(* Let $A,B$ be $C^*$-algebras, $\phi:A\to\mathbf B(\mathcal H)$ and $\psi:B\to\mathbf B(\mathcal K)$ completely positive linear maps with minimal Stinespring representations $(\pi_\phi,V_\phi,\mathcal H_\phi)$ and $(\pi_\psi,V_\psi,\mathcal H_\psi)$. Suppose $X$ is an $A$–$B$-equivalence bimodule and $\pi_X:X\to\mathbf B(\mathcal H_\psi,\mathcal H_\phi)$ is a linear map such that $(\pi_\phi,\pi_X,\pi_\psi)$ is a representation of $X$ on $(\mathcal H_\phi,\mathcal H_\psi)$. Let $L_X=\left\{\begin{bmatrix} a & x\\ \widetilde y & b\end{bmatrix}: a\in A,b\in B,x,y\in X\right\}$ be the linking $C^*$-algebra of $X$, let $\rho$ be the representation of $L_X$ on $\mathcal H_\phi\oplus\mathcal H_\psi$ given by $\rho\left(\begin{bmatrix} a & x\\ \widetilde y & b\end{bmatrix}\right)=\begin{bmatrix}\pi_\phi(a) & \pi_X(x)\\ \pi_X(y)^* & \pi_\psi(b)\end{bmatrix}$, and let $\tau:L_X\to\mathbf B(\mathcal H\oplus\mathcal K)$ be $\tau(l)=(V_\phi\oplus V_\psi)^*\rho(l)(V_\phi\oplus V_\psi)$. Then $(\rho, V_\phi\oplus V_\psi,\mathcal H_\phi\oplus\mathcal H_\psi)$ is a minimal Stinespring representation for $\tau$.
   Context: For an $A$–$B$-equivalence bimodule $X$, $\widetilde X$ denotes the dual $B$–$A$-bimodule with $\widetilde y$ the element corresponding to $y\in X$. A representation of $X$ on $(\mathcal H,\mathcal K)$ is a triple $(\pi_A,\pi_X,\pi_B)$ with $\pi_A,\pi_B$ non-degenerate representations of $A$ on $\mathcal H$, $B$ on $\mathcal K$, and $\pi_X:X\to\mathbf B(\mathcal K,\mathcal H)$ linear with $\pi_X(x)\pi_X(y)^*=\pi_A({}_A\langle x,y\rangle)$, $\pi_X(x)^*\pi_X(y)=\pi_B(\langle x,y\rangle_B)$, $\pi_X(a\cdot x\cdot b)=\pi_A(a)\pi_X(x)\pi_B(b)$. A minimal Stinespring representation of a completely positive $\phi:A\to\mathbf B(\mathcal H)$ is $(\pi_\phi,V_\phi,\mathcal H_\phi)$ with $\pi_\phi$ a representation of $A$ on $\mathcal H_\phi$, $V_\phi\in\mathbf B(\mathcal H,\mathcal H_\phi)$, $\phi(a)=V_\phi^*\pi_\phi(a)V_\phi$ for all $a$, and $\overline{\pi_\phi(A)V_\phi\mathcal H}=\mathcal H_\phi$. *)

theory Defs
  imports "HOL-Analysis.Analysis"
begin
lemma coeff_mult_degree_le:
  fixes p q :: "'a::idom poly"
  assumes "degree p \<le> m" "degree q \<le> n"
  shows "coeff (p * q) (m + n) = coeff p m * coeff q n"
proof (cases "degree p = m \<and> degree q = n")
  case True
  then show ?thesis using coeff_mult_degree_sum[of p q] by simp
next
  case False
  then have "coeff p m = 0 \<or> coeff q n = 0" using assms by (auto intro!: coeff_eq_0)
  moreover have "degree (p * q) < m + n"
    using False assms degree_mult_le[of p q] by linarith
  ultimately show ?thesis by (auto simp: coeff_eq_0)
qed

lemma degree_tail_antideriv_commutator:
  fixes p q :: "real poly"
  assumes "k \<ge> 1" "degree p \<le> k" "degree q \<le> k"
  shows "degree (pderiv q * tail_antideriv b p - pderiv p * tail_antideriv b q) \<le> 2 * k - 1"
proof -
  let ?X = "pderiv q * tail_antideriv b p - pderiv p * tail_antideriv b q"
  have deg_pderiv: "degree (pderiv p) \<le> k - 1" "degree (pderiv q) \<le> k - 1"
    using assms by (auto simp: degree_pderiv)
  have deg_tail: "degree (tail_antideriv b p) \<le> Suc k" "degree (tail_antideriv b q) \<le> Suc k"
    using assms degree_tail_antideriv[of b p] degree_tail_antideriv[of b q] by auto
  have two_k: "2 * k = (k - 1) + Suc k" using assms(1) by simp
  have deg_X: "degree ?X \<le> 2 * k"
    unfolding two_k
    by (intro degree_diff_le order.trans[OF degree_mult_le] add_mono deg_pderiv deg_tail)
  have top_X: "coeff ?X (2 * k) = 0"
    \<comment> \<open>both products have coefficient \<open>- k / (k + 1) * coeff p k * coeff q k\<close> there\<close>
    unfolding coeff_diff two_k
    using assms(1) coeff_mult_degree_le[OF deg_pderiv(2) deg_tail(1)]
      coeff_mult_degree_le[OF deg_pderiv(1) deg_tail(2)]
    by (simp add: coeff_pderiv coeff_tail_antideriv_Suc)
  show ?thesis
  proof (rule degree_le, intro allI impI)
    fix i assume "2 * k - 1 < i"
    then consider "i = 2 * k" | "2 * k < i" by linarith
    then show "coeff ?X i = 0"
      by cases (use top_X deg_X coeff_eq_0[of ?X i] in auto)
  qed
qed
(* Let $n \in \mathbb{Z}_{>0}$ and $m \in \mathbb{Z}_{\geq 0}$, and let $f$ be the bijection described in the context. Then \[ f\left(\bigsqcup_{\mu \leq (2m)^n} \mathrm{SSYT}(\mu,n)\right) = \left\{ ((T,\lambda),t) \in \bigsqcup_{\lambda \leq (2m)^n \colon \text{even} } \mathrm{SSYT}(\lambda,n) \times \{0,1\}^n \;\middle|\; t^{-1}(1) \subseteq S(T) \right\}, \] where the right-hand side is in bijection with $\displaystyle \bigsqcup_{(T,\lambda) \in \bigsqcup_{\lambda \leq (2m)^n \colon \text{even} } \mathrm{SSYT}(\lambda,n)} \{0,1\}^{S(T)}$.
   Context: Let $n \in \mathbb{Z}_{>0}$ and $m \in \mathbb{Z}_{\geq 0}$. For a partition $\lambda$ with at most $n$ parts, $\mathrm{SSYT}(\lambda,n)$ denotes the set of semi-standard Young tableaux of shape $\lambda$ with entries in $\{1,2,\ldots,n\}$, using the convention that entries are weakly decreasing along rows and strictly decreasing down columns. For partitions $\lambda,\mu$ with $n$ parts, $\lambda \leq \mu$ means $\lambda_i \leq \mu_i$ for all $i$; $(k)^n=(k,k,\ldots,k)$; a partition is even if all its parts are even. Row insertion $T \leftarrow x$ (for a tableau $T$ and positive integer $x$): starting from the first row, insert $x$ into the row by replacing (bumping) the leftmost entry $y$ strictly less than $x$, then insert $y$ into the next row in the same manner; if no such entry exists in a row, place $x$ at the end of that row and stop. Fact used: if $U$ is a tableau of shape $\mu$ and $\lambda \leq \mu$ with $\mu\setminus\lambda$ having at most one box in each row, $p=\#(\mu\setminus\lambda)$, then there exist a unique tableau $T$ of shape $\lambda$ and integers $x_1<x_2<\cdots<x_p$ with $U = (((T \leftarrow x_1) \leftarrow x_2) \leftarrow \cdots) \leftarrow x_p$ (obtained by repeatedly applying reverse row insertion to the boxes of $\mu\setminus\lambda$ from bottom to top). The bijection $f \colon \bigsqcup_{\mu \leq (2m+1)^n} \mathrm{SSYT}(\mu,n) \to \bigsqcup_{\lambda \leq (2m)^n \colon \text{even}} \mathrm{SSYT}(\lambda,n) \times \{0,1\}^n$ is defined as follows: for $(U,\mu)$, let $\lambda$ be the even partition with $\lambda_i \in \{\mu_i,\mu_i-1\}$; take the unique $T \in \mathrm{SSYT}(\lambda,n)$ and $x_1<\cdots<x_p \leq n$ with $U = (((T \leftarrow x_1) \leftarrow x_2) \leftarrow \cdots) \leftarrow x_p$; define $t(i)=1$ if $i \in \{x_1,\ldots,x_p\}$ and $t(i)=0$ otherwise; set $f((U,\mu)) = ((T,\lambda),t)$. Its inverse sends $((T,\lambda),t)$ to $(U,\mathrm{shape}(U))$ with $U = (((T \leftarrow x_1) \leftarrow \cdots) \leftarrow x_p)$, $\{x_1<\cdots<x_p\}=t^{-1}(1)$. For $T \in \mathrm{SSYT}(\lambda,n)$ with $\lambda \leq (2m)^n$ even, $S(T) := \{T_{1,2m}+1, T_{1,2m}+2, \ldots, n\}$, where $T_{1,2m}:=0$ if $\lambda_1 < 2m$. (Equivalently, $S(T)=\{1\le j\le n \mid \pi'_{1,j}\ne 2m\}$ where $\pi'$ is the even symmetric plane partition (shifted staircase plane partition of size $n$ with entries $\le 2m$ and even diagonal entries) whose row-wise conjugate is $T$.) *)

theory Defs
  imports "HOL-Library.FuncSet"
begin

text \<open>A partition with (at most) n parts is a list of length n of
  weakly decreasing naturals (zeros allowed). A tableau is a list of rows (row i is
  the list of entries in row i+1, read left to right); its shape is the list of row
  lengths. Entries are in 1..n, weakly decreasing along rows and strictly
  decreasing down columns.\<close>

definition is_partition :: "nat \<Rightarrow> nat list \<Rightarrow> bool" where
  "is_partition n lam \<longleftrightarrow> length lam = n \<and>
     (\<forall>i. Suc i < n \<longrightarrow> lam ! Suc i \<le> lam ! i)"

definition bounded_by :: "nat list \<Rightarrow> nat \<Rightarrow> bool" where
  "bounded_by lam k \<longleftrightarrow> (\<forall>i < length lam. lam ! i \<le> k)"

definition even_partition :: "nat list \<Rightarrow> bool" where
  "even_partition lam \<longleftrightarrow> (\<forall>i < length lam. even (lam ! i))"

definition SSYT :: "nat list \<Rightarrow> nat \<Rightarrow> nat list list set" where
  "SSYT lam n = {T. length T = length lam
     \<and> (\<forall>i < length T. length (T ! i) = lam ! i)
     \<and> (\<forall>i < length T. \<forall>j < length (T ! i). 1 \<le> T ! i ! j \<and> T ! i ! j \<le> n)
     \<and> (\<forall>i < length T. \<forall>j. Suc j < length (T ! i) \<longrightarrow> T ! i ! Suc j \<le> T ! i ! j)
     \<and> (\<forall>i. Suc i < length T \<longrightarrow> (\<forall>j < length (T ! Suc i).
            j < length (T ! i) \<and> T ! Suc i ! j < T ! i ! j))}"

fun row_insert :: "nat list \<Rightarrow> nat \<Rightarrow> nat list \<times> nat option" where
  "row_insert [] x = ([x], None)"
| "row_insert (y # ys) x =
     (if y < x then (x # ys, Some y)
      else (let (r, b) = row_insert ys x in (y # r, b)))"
###
Above is a listing; print exactly its lines from the one with "by cases (use" through the one with "(* Let $n \in", and no other lines.

      by cases (use top_X deg_X coeff_eq_0[of ?X i] in auto)
  qed
qed
(* Let $n \in \mathbb{Z}_{>0}$ and $m \in \mathbb{Z}_{\geq 0}$, and let $f$ be the bijection described in the context. Then \[ f\left(\bigsqcup_{\mu \leq (2m)^n} \mathrm{SSYT}(\mu,n)\right) = \left\{ ((T,\lambda),t) \in \bigsqcup_{\lambda \leq (2m)^n \colon \text{even} } \mathrm{SSYT}(\lambda,n) \times \{0,1\}^n \;\middle|\; t^{-1}(1) \subseteq S(T) \right\}, \] where the right-hand side is in bijection with $\displaystyle \bigsqcup_{(T,\lambda) \in \bigsqcup_{\lambda \leq (2m)^n \colon \text{even} } \mathrm{SSYT}(\lambda,n)} \{0,1\}^{S(T)}$.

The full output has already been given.